Has our nation traded the rule of law for the rule of lawyers? Critics would say so. And this week’s Supreme Court rulings — most notably Friday's 5-4 decision on faux marriage — could be their Exhibit A.
Friday's ruling, stating that same-sex couples have a “right” to “marry” in all 50 states, went down precisely as critics had predicted — and feared. Justice Anthony Kennedy sided with the Court’s four most liberal judges — Elena Kagan, Sonya Sotomayor, Ruth Bader Ginsburg, and Stephen Breyer — in the promotion of faux marriage; he also wrote the majority opinion. Justices Antonin Scalia, John Roberts, Clarence Thomas, and Samuel Alito were on the opposing side, with each writing his own dissent.
Scalia was scathing in his denunciation of the majority opinion, calling the Court a “threat to American democracy,” characterizing its opinion as “lacking even a thin veneer of law,” and writing that it “is couched in a style that is as pretentious as its content is egotistic.” Chief Justice Roberts, known for his own activist lawyercraft in the Court’s infamous ObamaCare decisions, wrote that the “court is not a legislature.
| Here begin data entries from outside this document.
(* Let $X,Y$ be random variables with $P(X=k)=p_k\ge0$ and $P(Y=k)=q_k\ge0$ for $k=0,1,2,\dots$, with $q_k>0$ so that the ratios $p_k/q_k$ are defined. Let $L_X(x)=\sum_{k=0}^\infty p_ke^{-kx}$ and $L_Y(x)=\sum_{k=0}^\infty q_ke^{-kx}$ $(x>0)$. If one of the conditions (i) the sequence $\{p_k/q_k\}$ is increasing (resp. decreasing) for all $k\ge0$; (ii) there exists an integer $m\ge1$ such that $\{p_k/q_k\}$ is increasing (resp. decreasing) for $0\le k\le m$ and decreasing (resp. increasing) for $k\ge m$, and $H_{L_X,L_Y}(0^+)\ge0$ (resp. $\le0$); holds, then $Y\le_{Lt-r}X$ (resp. $X\le_{Lt-r}Y$).
   Context: For a random variable $Z\ge0$ with distribution function $F_Z$, its Laplace–Stieltjes transform is $L_Z(x)=\int_0^\infty e^{-tx}\,dF_Z(t)$, $x>0$. For random variables $X,Y\ge0$, $X\le_{Lt-r}Y$ (Laplace transform ratio order) means that $x\mapsto L_Y(x)/L_X(x)$ is decreasing on $(0,\infty)$. $H_{F,G}=\frac{F'}{G'}G-F$ and $H_{F,G}(0^+)=\lim_{x\to0^+}H_{F,G}(x)$. *)

theory Defs
  imports "HOL-Analysis.Analysis"
begin

definition LST :: "(nat \<Rightarrow> real) \<Rightarrow> real \<Rightarrow> real" where
  "LST p x = (\<Sum>k. p k * exp (- real k * x))"

definition H_fun :: "(real \<Rightarrow> real) \<Rightarrow> (real \<Rightarrow> real) \<Rightarrow> real \<Rightarrow> real" where
  "H_fun F G x = deriv F x / deriv G x * G x - F x"

text \<open>Laplace transform ratio order: X <=_{Lt-r} Y iff L_Y/L_X is decreasing on (0,oo).
  Here X has pmf p and Y has pmf q.\<close>
definition lt_r_le :: "(nat \<Rightarrow> real) \<Rightarrow> (nat \<Rightarrow> real) \<Rightarrow> bool" where
  "lt_r_le p q \<longleftrightarrow> (\<forall>x y. 0 < x \<longrightarrow> x \<le> y \<longrightarrow> LST q y / LST p y \<le> LST q x / LST p x)"

end

theory Submission
  imports Defs
begin

(* Substituting s = exp (-x) turns L_X and L_Y into the power series A(s) = sum p_k s^k and
   B(s) = sum q_k s^k on [0,1), and H_{L_X,L_Y}(x) into H_{A,B}(s), the chain-rule factors
   cancelling. Since (A/B)' = B' H_{A,B} / B^2, the ratio A/B increases exactly where
   H_{A,B} >= 0, and H_{A,B} is monotone wherever A'/B' is.
   (i) If p_k/q_k increases, the coefficients of A - c B with c = (A/B)(x) change sign once,
   from negative to nonnegative, which forces (A/B)(y) >= c for y >= x.
   (ii) Differentiating shifts the coefficient ratio by one index, so by induction on the peak
   m the ratio A'/B' is unimodal. Hence H_{A,B} first increases from
   H_{A,B}(0) = p_1 q_0 / q_1 - p_0 >= 0 and then decreases towards its limit at s = 1, which
   is H_{L_X,L_Y}(0+) >= 0; so H_{A,B} >= 0 throughout.
   The decreasing cases follow by replacing p with -p. *)

section \<open>Unimodal functions\<close>

definition unimodal_on :: "real set \<Rightarrow> (real \<Rightarrow> real) \<Rightarrow> bool" where
  "unimodal_on I f \<longleftrightarrow> (\<exists>t. mono_on (I \<inter> {..t}) f \<and> antimono_on (I \<inter> {t..}) f)"

lemma unimodal_on_cong:
  "(\<And>s. s \<in> I \<Longrightarrow> f s = g s) \<Longrightarrow> unimodal_on I f \<longleftrightarrow> unimodal_on I g"
  unfolding unimodal_on_def monotone_on_def by auto
(* Let $g$ be a $C^1$ function near $0$ in $\mathbb{R}$ with $g(0)=0$, $g'(0)>0$, and let $V(x)=\int_0^x g(s)\,ds$. Let $J\ni 0$ be an open interval such that $V$ is strictly increasing on $J\cap(0,\infty)$, strictly decreasing on $J\cap(-\infty,0)$, and for each $x\in J$ there is a unique $h(x)\in J$ with $V(h(x))=V(x)$ and $\operatorname{sgn}h(x)=-\operatorname{sgn}x$. Fix $x_0\in J$ with $x_0>0$, let $t\mapsto X(t,x_0)$ be the (periodic) solution of $\ddot x=-g(x)$ with $X(0,x_0)=x_0$, $\partial_tX(0,x_0)=0$, and let $\mathcal T(x_0)$ be its period. Consider the $\mathcal T(x_0)$-periodic linear equation \[ \ddot y=-g'\big(X(t,x_0)\big)\,y . \] Then either all solutions of this equation are $\mathcal T(x_0)$-periodic, or all its solutions are unbounded except those proportional to $t\mapsto\partial_tX(t,x_0)$. A necessary and sufficient condition for the former case is $\mathcal T'(x_0)=0$.
   Context: $\mathcal T$ is $C^1$ on $\{x_0\in J:x_0>0\}$, so $\mathcal T'(x_0)$ is defined. *)

theory Defs
  imports "HOL-Analysis.Analysis"
begin

definition potential :: "(real \<Rightarrow> real) \<Rightarrow> real \<Rightarrow> real" where
  "potential g x = (if 0 \<le> x then integral {0..x} g else - integral {x..0} g)"

definition hill_solution :: "(real \<Rightarrow> real) \<Rightarrow> (real \<Rightarrow> real) \<Rightarrow> bool" where
  "hill_solution q y \<longleftrightarrow> (\<exists>y'. \<forall>t. (y has_real_derivative y' t) (at t) \<and>
                                      (y' has_real_derivative (- q t * y t)) (at t))"

end

theory Submission
  imports Defs
begin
Whether same-sex marriage is a good idea should be of no concern to us." Roberts perhaps felt particularly strongly about today’s decision as he read a summary of his dissent from the bench, the first time he has done so during his almost decade-long tenure. And putting matters in no uncertain terms, he said to faux marriage advocates, “By all means celebrate today's decision.... But do not celebrate the Constitution. It had nothing to do with it."